I need to think about this, and likely talk with the BNY Mellon folks. It's a five-star fund / ETF but Morningstar dislikes it, dismisses the ETF because the underlying fund is unimpressive (their term) and had weird manager turnover. Two long-time managers (Campbell and Lydotes). Lydotes left at the end of 2024 and was replaced by Poitrat-Rachmaninoff, who left six weeks later and was never replaced?

Hmmm ...

Comments

  • I checked US BKGI and Euro version at M* Canada. The portfolios are quite different and that's beyond the currency effects.
    BKGI https://www.morningstar.com/etfs/bats/bkgi/portfolio
    Euro version https://global.morningstar.com/en-eu/investments/funds/F000010YD6/portfolio
  • If you had bought GLOFX a while ago you would be laughing now to see it running ahead of the 500 these past 12 months.

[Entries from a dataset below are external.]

lemma norm_orthogonal_matrix:
  assumes "orthogonal_matrix (P :: real^'n^'n)"
  shows "norm P = sqrt (real CARD('n))"
proof -
  have "norm (P $ i) = 1" for i
    using assms unfolding orthogonal_matrix_orthonormal_rows by (simp add: row_def)
  then show ?thesis by (simp add: norm_vec_def L2_set_def)
qed

lemma integrable_continuous_orthogonal:
  fixes H :: "real^'n^'n \<Rightarrow> real^'m^'m \<Rightarrow> 'c::{banach, second_countable_topology}"
  assumes M: "finite_measure M" and P: "P \<in> borel_measurable M" and Q: "Q \<in> borel_measurable M"
    and orth: "\<And>g. g \<in> space M \<Longrightarrow> orthogonal_matrix (P g) \<and> orthogonal_matrix (Q g)"
    and H: "continuous_on UNIV (\<lambda>p. H (fst p) (snd p))"
  shows "integrable M (\<lambda>g. H (P g) (Q g))"
proof -
  define K where "K = sphere (0::real^'n^'n) (sqrt CARD('n)) \<times> sphere (0::real^'m^'m) (sqrt CARD('m))"
  have "compact K" unfolding K_def by (intro compact_Times compact_sphere)
  then have "compact ((\<lambda>p. H (fst p) (snd p)) ` K)"
    by (rule compact_continuous_image[OF continuous_on_subset[OF H subset_UNIV]])
  from compact_imp_bounded[OF this] obtain B where "\<forall>y \<in> (\<lambda>p. H (fst p) (snd p)) ` K. norm y \<le> B"
    unfolding bounded_iff by blast
  then have B: "norm (H (P g) (Q g)) \<le> B" if "g \<in> space M" for g
    using orth[OF that] by (force simp: K_def norm_orthogonal_matrix)
  show ?thesis
  proof (rule finite_measure.integrable_const_bound[OF M])
    show "AE g in M. norm (H (P g) (Q g)) \<le> B" using B by (simp add: AE_I2)
    show "(\<lambda>g. H (P g) (Q g)) \<in> borel_measurable M"
      by (rule borel_measurable_continuous_Pair[OF P Q H])
  qed
qed

lemma inner_orthogonal_matrix:
  fixes P :: "real^'n^'n"
  assumes "orthogonal_matrix P"
  shows "(P *v v) \<bullet> (P *v w) = v \<bullet> w"
proof -
  have "(P *v v) \<bullet> (P *v w) = v \<bullet> (transpose P *v (P *v w))"
    using dot_lmul_matrix[of v "transpose P" "P *v w"] by simp
  also have "\<dots> = v \<bullet> w"
    using assms by (simp add: matrix_vector_mul_assoc orthogonal_matrix_def)
  finally show ?thesis .
qed

section \<open>Haar measure and orthogonal representations\<close>

lemma openin_prod_topology_countable_Union:
  assumes "second_countable S" "second_countable T" "openin (prod_topology S T) P"
  obtains R where "countable R" "\<And>r. r \<in> R \<Longrightarrow> \<exists>U V. openin S U \<and> openin T V \<and> r = U \<times> V" "P = \<Union>R"
proof -
  obtain BS where BS: "countable BS" "\<And>U. U \<in> BS \<Longrightarrow> openin S U"
      "\<And>U x. openin S U \<Longrightarrow> x \<in> U \<Longrightarrow> \<exists>V\<in>BS. x \<in> V \<and> V \<subseteq> U"
    using assms(1) unfolding second_countable_def by metis
  obtain BT where BT: "countable BT" "\<And>U. U \<in> BT \<Longrightarrow> openin T U"
      "\<And>U x. openin T U \<Longrightarrow> x \<in> U \<Longrightarrow> \<exists>V\<in>BT. x \<in> V \<and> V \<subseteq> U"
    using assms(2) unfolding second_countable_def by metis
  define R where "R = (\<lambda>(U, V). U \<times> V) ` {(U, V) \<in> BS \<times> BT. U \<times> V \<subseteq> P}"
  have "countable R" unfolding R_def using BS(1) BT(1) by (blast intro: countable_subset)
  moreover have "\<exists>U V. openin S U \<and> openin T V \<and> r = U \<times> V" if "r \<in> R" for r
    using that BS(2) BT(2) by (auto simp: R_def)
  moreover have "P = \<Union>R"
  proof
    show "P \<subseteq> \<Union>R"
    proof
      fix p assume "p \<in> P"
      then obtain U V where "openin S U" "openin T V" "fst p \<in> U" "snd p \<in> V" "U \<times> V \<subseteq> P"
        using assms(3) unfolding openin_prod_topology_alt by (metis prod.collapse)
      then obtain U' V' where "U' \<in> BS" "fst p \<in> U'" "U' \<subseteq> U" "V' \<in> BT" "snd p \<in> V'" "V' \<subseteq> V"
        using BS(3) BT(3) by metis
      then show "p \<in> \<Union>R" using \<open>U \<times> V \<subseteq> P\<close> unfolding R_def
        by (intro UnionI[of "U' \<times> V'"] image_eqI[of _ _ "(U', V')"]) (auto simp: mem_Times_iff)
    qed
  qed (auto simp: R_def)
  ultimately show thesis by (rule that)
qed

locale compact_haar_group =
  fixes G :: "('g, 'b) monoid_scheme" (structure) and T :: "'g topology" and lam :: "'g measure"
  assumes top_group: "compact_top_group G T" and haar: "haar_prob G T lam"
begin

sublocale group G using top_group by (simp add: compact_top_group_def)

sublocale haar: prob_space lam using haar by (simp add: haar_prob_def)

lemma space_haar [simp]: "space lam = carrier G"
  using haar by (simp add: haar_prob_def)

lemma emeasure_haar_carrier [simp]: "emeasure lam (carrier G) = 1"
  using haar.emeasure_space_1 by simp

lemma prob_haar_carrier [simp]: "measure lam (carrier G) = 1"
  using haar.prob_space by simp

lemma topspace_eq_carrier: "topspace T = carrier G"
  using top_group by (simp add: compact_top_group_def)

lemma sets_haar: "sets lam = sigma_sets (carrier G) {U. openin T U}"
  using haar by (simp add: haar_prob_def topspace_eq_carrier)

lemma openin_in_sets_haar: "openin T U \<Longrightarrow> U \<in> sets lam"
  by (simp add: sets_haar)

lemma measurable_continuous_map:
  assumes "continuous_map T T f"
  shows "f \<in> lam \<rightarrow>\<^sub>M lam"
proof (rule measurable_sigma_sets[OF sets_haar])
  show "{U. openin T U} \<subseteq> Pow (carrier G)" using topspace_eq_carrier openin_subset by auto
  show "f \<in> space lam \<rightarrow> carrier G"
    using assms topspace_eq_carrier by (auto simp: continuous_map_def)
  fix U assume "U \<in> {U. openin T U}"
  then have "openin T {x \<in> topspace T. f x \<in> U}"
    using assms openin_continuous_map_preimage by blast
  moreover have "{x \<in> topspace T. f x \<in> U} = f -` U \<inter> space lam"
    by (auto simp: topspace_eq_carrier)
  ultimately show "f -` U \<inter> space lam \<in> sets lam" by (simp add: openin_in_sets_haar)
qed

lemma measurable_inv [measurable]: "(\<lambda>g. inv g) \<in> lam \<rightarrow>\<^sub>M lam"
  using top_group by (intro measurable_continuous_map) (simp add: compact_top_group_def)

lemma measurable_mult: "(\<lambda>p. fst p \<otimes> snd p) \<in> lam \<Otimes>\<^sub>M lam \<rightarrow>\<^sub>M lam"
proof (rule measurable_sigma_sets[OF sets_haar])
  show "{U. openin T U} \<subseteq> Pow (carrier G)" using topspace_eq_carrier openin_subset by auto
  show "(\<lambda>p. fst p \<otimes> snd p) \<in> space (lam \<Otimes>\<^sub>M lam) \<rightarrow> carrier G"
    by (auto simp: space_pair_measure)
  fix U assume "U \<in> {U. openin T U}"
  have sc: "second_countable T" using top_group by (simp add: compact_top_group_def)
  have op: "openin (prod_topology T T) {p \<in> topspace (prod_topology T T). fst p \<otimes> snd p \<in> U}"
    using top_group \<open>U \<in> {U. openin T U}\<close>
    by (intro openin_continuous_map_preimage) (auto simp: compact_top_group_def)
  obtain R where R: "countable R" "\<And>r. r \<in> R \<Longrightarrow> \<exists>U V. openin T U \<and> openin T V \<and> r = U \<times> V"
      "{p \<in> topspace (prod_topology T T). fst p \<otimes> snd p \<in> U} = \<Union>R"
    using openin_prod_topology_countable_Union[OF sc sc op] by blast
  have "\<Union>R \<in> sets (lam \<Otimes>\<^sub>M lam)"
    using R(1,2) by (intro sets.countable_Union) (auto intro: pair_measureI openin_in_sets_haar)
  moreover have "(\<lambda>p. fst p \<otimes> snd p) -` U \<inter> space (lam \<Otimes>\<^sub>M lam) = \<Union>R"
    unfolding R(3)[symmetric] by (auto simp: space_pair_measure topspace_eq_carrier)
  ultimately show "(\<lambda>p. fst p \<otimes> snd p) -` U \<inter> space (lam \<Otimes>\<^sub>M lam) \<in> sets (lam \<Otimes>\<^sub>M lam)"
    by simp
qed

lemma measurable_mult_left [measurable]: "k \<in> carrier G \<Longrightarrow> (\<lambda>g. k \<otimes> g) \<in> lam \<rightarrow>\<^sub>M lam"
  using measurable_compose[OF measurable_Pair[OF measurable_const measurable_ident_sets] measurable_mult]
  by simp

lemma measurable_mult_right [measurable]: "k \<in> carrier G \<Longrightarrow> (\<lambda>g. g \<otimes> k) \<in> lam \<rightarrow>\<^sub>M lam"
  using measurable_compose[OF measurable_Pair[OF measurable_ident_sets measurable_const] measurable_mult]
  by simp
lemma local_perm_nbr_same:
  assumes "g \<in> tree_aut" and "v \<in> V"
  shows "local_perm g (nbr a v) a = local_perm g v a"
proof -
  have "g v = nbr (local_perm g (nbr a v) a) (nbr (local_perm g v a) (g v))"
    using tree_aut_nbr[OF assms(1), of "nbr a v" a] tree_aut_nbr[OF assms] assms(2) by simp
  then have "nbr (local_perm g (nbr a v) a) (g v)
      = nbr (local_perm g (nbr a v) a) (nbr (local_perm g (nbr a v) a) (nbr (local_perm g v a) (g v)))"
    by simp
  also have "\<dots> = nbr (local_perm g v a) (g v)"
    using tree_aut_in_tree_vertices[OF assms] by simp
  finally show ?thesis by simp
qed

lemma local_perm_comp:
  "g \<in> tree_aut \<Longrightarrow> h \<in> tree_aut \<Longrightarrow> v \<in> V \<Longrightarrow> local_perm (g \<circ> h) v = local_perm g (h v) \<circ> local_perm h v"
  by (rule local_perm_unique) (simp add: tree_aut_nbr tree_aut_in_tree_vertices)

lemma local_perm_id [simp]: "local_perm id v = id"
  by (rule local_perm_unique) simp

lemma tree_autI:
  fixes g :: "'a list \<Rightarrow> 'a list"
  assumes bij: "bij_betw g V V" and outside: "\<And>v. v \<notin> V \<Longrightarrow> g v = v"
    and local: "\<And>v a. v \<in> V \<Longrightarrow> g (nbr a v) = nbr (s v a) (g v)"
    and bij_s: "\<And>v. v \<in> V \<Longrightarrow> bij (s v)"
  shows "g \<in> tree_aut"
  unfolding tree_aut_def
proof (intro CollectI conjI ballI allI impI bij outside)
  fix v w :: "'a list" assume v: "v \<in> V" and w: "w \<in> V"
  have "tree_adj (g v) (g w) \<longleftrightarrow> (\<exists>a. g w = nbr (s v a) (g v))"
    using bij_s[OF v] unfolding tree_adj_def by (metis bij_pointE)
  also have "\<dots> \<longleftrightarrow> (\<exists>a. g w = g (nbr a v))"
    using local[OF v] by simp
  also have "\<dots> \<longleftrightarrow> tree_adj v w"
    using v w bij_betw_imp_inj_on[OF bij] by (auto simp: tree_adj_def inj_on_eq_iff)
  finally show "tree_adj v w \<longleftrightarrow> tree_adj (g v) (g w)" by simp
qed

text \<open>The name \<open>inv\<close> is taken by the group syntax of HOL-Algebra.\<close>

abbreviation perm_inv :: "('b \<Rightarrow> 'b) \<Rightarrow> 'b \<Rightarrow> 'b" where
  "perm_inv f \<equiv> inv_into UNIV f"

definition aut_inv :: "('a list \<Rightarrow> 'a list) \<Rightarrow> 'a list \<Rightarrow> 'a list" where
  "aut_inv g = (\<lambda>v. if v \<in> V then inv_into V g v else v)"

lemma aut_inv_in_tree_vertices: "g \<in> tree_aut \<Longrightarrow> v \<in> V \<Longrightarrow> aut_inv g v \<in> V"
  using bij_betw_apply[OF bij_betw_inv_into[OF tree_aut_bij]] by (simp add: aut_inv_def)

lemma aut_inv_left [simp]: "g \<in> tree_aut \<Longrightarrow> v \<in> V \<Longrightarrow> aut_inv g (g v) = v"
  using bij_betw_inv_into_left[OF tree_aut_bij] by (simp add: aut_inv_def tree_aut_in_tree_vertices)

lemma aut_inv_right [simp]: "g \<in> tree_aut \<Longrightarrow> v \<in> V \<Longrightarrow> g (aut_inv g v) = v"
  using bij_betw_inv_into_right[OF tree_aut_bij] by (simp add: aut_inv_def)
text \<open>If the digits repeat with period P from position N on, then 3^N x and
  3^(N+P) x have the same fractional part: their difference is multiplied by 3 at
  every step yet stays in (-1,1).\<close>
lemma periodic_digits_imp_frac_eq:
  assumes per: "\<forall>i\<ge>N. tdigit x (i + P) = tdigit x i"
  shows "frac (3 ^ N * x) = frac (3 ^ (N + P) * x)"
proof -
  define \<Delta> where "\<Delta> = frac (3 ^ N * x) - frac (3 ^ (N + P) * x)"
  have grow: "frac (3 ^ (N + j) * x) - frac (3 ^ (N + P + j) * x) = 3 ^ j * \<Delta>" for j
  proof (induction j)
    case 0 show ?case by (simp add: \<Delta>_def)
  next
    case (Suc j)
    have "tdigit x (Suc (N + P + j)) = tdigit x (Suc (N + j))"
      using per[rule_format, of "Suc (N + j)"] by (simp add: add_ac)
    hence "frac (3 ^ Suc (N + j) * x) - frac (3 ^ Suc (N + P + j) * x)
        = 3 * (frac (3 ^ (N + j) * x) - frac (3 ^ (N + P + j) * x))"
      by (simp only: frac_three_pow_Suc) (simp add: algebra_simps)
    thus ?case using Suc.IH by simp
  qed
  have bounded: "\<bar>3 ^ j * \<Delta>\<bar> < 1" for j
    using grow[of j] frac_lt_1[of "3 ^ (N + j) * x"] frac_lt_1[of "3 ^ (N + P + j) * x"]
      frac_ge_0[of "3 ^ (N + j) * x"] frac_ge_0[of "3 ^ (N + P + j) * x"] by linarith
  have "\<Delta> = 0"
  proof (rule ccontr)
    assume "\<Delta> \<noteq> 0"
    then obtain j :: nat where "1 / \<bar>\<Delta>\<bar> < 3 ^ j" using real_arch_pow[of 3 "1 / \<bar>\<Delta>\<bar>"] by auto
    hence "1 < \<bar>3 ^ j * \<Delta>\<bar>" using \<open>\<Delta> \<noteq> 0\<close> by (simp add: field_simps abs_mult)
    thus False using bounded[of j] by linarith
  qed
  thus ?thesis by (simp add: \<Delta>_def)
qed

lemma frac_eq_imp_denom_dvd:
  fixes p q N P :: nat
  assumes q: "q > 0" and cop: "coprime p q"
    and eq: "frac (3 ^ N * (real p / real q)) = frac (3 ^ (N + P) * (real p / real q))"
  shows "q dvd 3 ^ N * (3 ^ P - 1)"
proof -
  define x where "x = real p / real q"
  define z where "z = \<lfloor>3 ^ (N + P) * x\<rfloor> - \<lfloor>3 ^ N * x\<rfloor>"
  have "3 ^ (N + P) * x - 3 ^ N * x = of_int z"
    using eq unfolding z_def x_def frac_def by simp
  hence "real (3 ^ N * (3 ^ P - 1)) * x = of_int z"
    by (simp add: of_nat_diff power_add algebra_simps)
  hence "real (3 ^ N * (3 ^ P - 1) * p) = of_int z * real q"
    using q unfolding x_def by (simp add: field_simps)
  hence "int (3 ^ N * (3 ^ P - 1) * p) = z * int q"
    by (metis of_int_eq_iff of_int_of_nat_eq of_int_mult)
  hence "q dvd 3 ^ N * (3 ^ P - 1) * p" by (metis dvd_triv_right int_dvd_int_iff)
  thus ?thesis using cop by (simp add: coprime_commute coprime_dvd_mult_left_iff)
qed

text \<open>Pigeonhole: the q+1 numbers q frac(3^k p/q), 0 \<le> k \<le> q, are integers in [0,q),
  so two fractional parts of the orbit coincide.\<close>
lemma frac_orbit_repeats:
  fixes p q :: nat
  assumes q: "q > 0"
  obtains a b where "a < b" "frac (3 ^ a * (real p / real q)) = frac (3 ^ b * (real p / real q))"
proof -
  define f where "f k = frac (3 ^ k * (real p / real q))" for k
  define g where "g k = \<lfloor>real q * f k\<rfloor>" for k
  have qf: "real q * f k = of_int (g k)" for k
  proof -
    have "real q * f k = of_int (int (3 ^ k * p) - int q * \<lfloor>3 ^ k * (real p / real q)\<rfloor>)"
      using q by (simp add: f_def frac_def algebra_simps)
    thus ?thesis unfolding g_def by (metis floor_of_int)
  qed
  have "g k \<in> {0..<int q}" for k
  proof -
    have "0 \<le> real q * f k" "real q * f k < real q"
      using q frac_lt_1 by (auto simp: f_def)
    thus ?thesis using qf[of k] by simp
  qed
  hence "card (g ` {0..q}) \<le> card {0..<int q}" by (intro card_mono) auto
  hence "\<not> inj_on g {0..q}" using card_image by fastforce
  then obtain a b where ab: "a \<noteq> b" "g a = g b" unfolding inj_on_def by blast
  have "f a = f b" using qf[of a] qf[of b] ab(2) q
    by (metis mult_cancel_left of_nat_0_less_iff less_irrefl)
  with ab(1) show ?thesis using that unfolding f_def by (metis linorder_neqE_nat)
qed

lemma tdigit_eventually_periodic:
  fixes p q :: nat
  assumes q: "q > 0"
  shows "\<exists>k>0. \<exists>N. \<forall>i\<ge>N. tdigit (real p / real q) (i + k) = tdigit (real p / real q) i"
proof -
  define x where "x = real p / real q"
  define f where "f k = frac (3 ^ k * x)" for k
  obtain a b where ab: "a < b" "f a = f b" using frac_orbit_repeats[OF q] unfolding f_def x_def by blast
  have f_Suc: "f (Suc k) = frac (3 * f k)" for k
    unfolding f_def frac_three_pow_Suc tdigit_Suc by (simp add: frac_def)
  have shift: "f (a + j) = f (b + j)" for j
    by (induction j) (simp_all add: ab(2) f_Suc)
  have "tdigit x (i + (b - a)) = tdigit x i" if "i \<ge> Suc a" for i
  proof -
    obtain j where i: "i = Suc (a + j)" using \<open>i \<ge> Suc a\<close> by (metis add_Suc le_iff_add)
    hence "i + (b - a) = Suc (b + j)" using ab by simp
    hence "tdigit x (i + (b - a)) = \<lfloor>3 * f (b + j)\<rfloor>" by (simp only: tdigit_Suc f_def)
    also have "\<dots> = \<lfloor>3 * f (a + j)\<rfloor>" by (simp only: shift)
    also have "\<dots> = tdigit x i" using i by (simp only: tdigit_Suc f_def)
    finally show ?thesis .
  qed
  thus ?thesis using ab unfolding x_def by (intro exI[of _ "b - a"]) auto
qed

lemma tperiod_spec:
  fixes p q :: nat
  assumes q: "q > 0"
  shows "tperiod (real p / real q) > 0"
    and "\<exists>N. \<forall>i\<ge>N. tdigit (real p / real q) (i + tperiod (real p / real q))
                    = tdigit (real p / real q) i"
  using LeastI_ex[OF tdigit_eventually_periodic[OF q, of p]] unfolding tperiod_def by blast+

text \<open>A number q < r^n dividing r^N m (r prime) already divides r^n m: the r-part
  of q is a power of r below r^n.\<close>
lemma dvd_prime_power_mult_reduce:
  fixes r q m N n :: nat
  assumes r: "prime r" and q: "q > 0" and dvd: "q dvd r ^ N * m" and qn: "q < r ^ n"
  shows "q dvd r ^ n * m"
proof -
  have "q dvd gcd (r ^ N * m) (q * m)" using dvd by simp
  also have "gcd (r ^ N * m) (q * m) = gcd (r ^ N) q * m"
    by (simp add: gcd_mult_right gcd.commute)
  finally have q_dvd: "q dvd gcd (r ^ N) q * m" .
  obtain i where i: "gcd (r ^ N) q = r ^ i"
    using divides_primepow_nat[OF r, of "gcd (r ^ N) q" N] by auto
  have "r ^ i \<le> q" using gcd_le2_nat[of q "r ^ N"] q i by simp
  hence "r ^ i < r ^ n" using qn by (rule le_less_trans)
  hence "i < n" using prime_gt_1_nat[OF r] by (metis power_less_imp_less_exp)
  hence "r ^ i * m dvd r ^ n * m" by (intro mult_dvd_mono le_imp_power_dvd) auto
  with q_dvd i show ?thesis by (metis dvd_trans)
qed
lemma op_apply_Wp_eq_0_if_card_Int_le_1:
  assumes fV: "finite V" and X: "X \<subseteq> V" "supported_in V X H" and S: "S \<subseteq> V" "card S = p"
    and SX: "card (S \<inter> X) \<le> 1"
    and kill0: "\<And>S. S \<subseteq> V \<Longrightarrow> op_apply V H zero_state S = 0"
    and killW: "\<And>S. S \<subseteq> V \<Longrightarrow> op_apply V H (Wp V 1) S = 0"
  shows "op_apply V H (Wp V p) S = 0"
proof -
  have "S \<inter> X \<subseteq> V" using S(1) by blast
  moreover have "card (S \<inter> X) = 0 \<or> card (S \<inter> X) = 1" using SX by linarith
  ultimately have "op_apply V H (Wp V (card (S \<inter> X))) (S \<inter> X) = 0"
    using kill0 killW op_apply_Wp_0[OF fV] by auto
  with op_apply_Wp_supported_in[OF fV X S] show ?thesis by simp
qed

theorem proposition5:
  fixes V :: "'a set" and E :: "'a \<Rightarrow> 'a \<Rightarrow> bool" and Rmax p :: nat
    and h :: "'a set \<Rightarrow> 'a op" and E' :: complex
  assumes graph: "simple_graph V E"
    and R_pos: "Rmax > 0"
    and supp: "\<And>X. X \<subseteq> V \<Longrightarrow> diam E X \<le> enat Rmax \<Longrightarrow> supported_in V X (h X)"
    and killW: "\<And>X S. X \<subseteq> V \<Longrightarrow> diam E X \<le> enat Rmax \<Longrightarrow> S \<subseteq> V \<Longrightarrow>
                   op_apply V (h X) (Wp V 1) S = 0"
    and kill0: "\<And>X S. X \<subseteq> V \<Longrightarrow> diam E X \<le> enat Rmax \<Longrightarrow> S \<subseteq> V \<Longrightarrow>
                   op_apply V (h X) zero_state S = 0"
    and p_le_N: "p \<le> card V"
    and p_bound: "real p \<le> real (card V) / (real (max_degree V E) ^ (2 * Rmax) + 1)"
    and eig: "\<And>S. S \<subseteq> V \<Longrightarrow>
       (\<Sum>X\<in>{X. X \<subseteq> V \<and> diam E X \<le> enat Rmax}. op_apply V (h X) (Wp V p) S) = E' * Wp V p S"
  shows "E' = 0"
proof -
  have fV: "finite V" using graph unfolding simple_graph_def by auto
  let ?\<Delta> = "max_degree V E"
  have "?\<Delta> ^ Rmax \<le> ?\<Delta> ^ (2 * Rmax)"
    using R_pos by (cases ?\<Delta>) (auto intro: power_increasing simp: zero_power)
  then have "p * (?\<Delta> ^ Rmax + 1) \<le> p * (?\<Delta> ^ (2 * Rmax) + 1)" by simp
  also have "\<dots> \<le> card V" using p_bound by (rule nat_mult_le_if_le_divide)
  finally obtain S where S: "S \<subseteq> V" "card S = p"
    and sparse: "\<And>X. diam E X \<le> enat Rmax \<Longrightarrow> card (S \<inter> X) \<le> 1"
    using exists_sparse_vertex_set[OF graph R_pos] by blast
  have "op_apply V (h X) (Wp V p) S = 0" if X: "X \<subseteq> V" "diam E X \<le> enat Rmax" for X
    using op_apply_Wp_eq_0_if_card_Int_le_1[OF fV X(1) supp[OF X] S sparse[OF X(2)]
        kill0[OF X] killW[OF X]] .
  then have "E' * Wp V p S = 0" using eig[OF S(1)] by simp
  moreover have "Wp V p S \<noteq> 0" using S(2) p_le_N unfolding Wp_def by simp
  ultimately show ?thesis by simp
qed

    I have a modest slice in the taxable I bought in 2022. Dumping it from the IRA in the quest for "simplification" was one of the dumber things I have done with my retirement investments recently.
  • "Quite different" is hard to assess. All of the fund's 10 top holdings appear in the ETF's top 14, though the weightings are not identical. The sector weightings are typically within 1-2%, with the same six sectors are zero weight in both. 50% turnover in the ETF's 28 holdings which might translate to 1-2 new positions a month. I could imagine some "legacy" positions in the fund whose valuations were no longer compelling enough to have the ETF buy, and a position or two in the ETF (whose portfolio report is five weeks newer) not (yet) reported in the fund.
    I'm not sure if BNY Mellon is willing to have a conversation, but I'll try to start one.
  • WABAC said:

    If you had bought GLOFX a while ago you would be laughing now to see it running ahead of the 500 these past 12 months.

    I have a modest slice in the taxable I bought in 2022. Dumping it from the IRA in the quest for "simplification" was one of the dumber things I have done with my retirement investments recently.

    Same. I was in it probably 10 years ago and sold out ... should have just set it and forgot about it. Wish they'd make an ETF version of it, though.

  • @WABAC
    GLFOX? I let it go as well. Seems like a good sector going forward.
  • bee said:

    @WABAC
    GLFOX? I let it go as well. Seems like a good sector going forward.

    I could see it back in the IRA, but the price seems rather steep these days at a PE ratio of 15. :-) But then I would be leaving "simplification" in the rear-view mirror.
  • I stand corrected! GLIX was launched last fall, which is a semi-clone of GLFOX/GLIFX.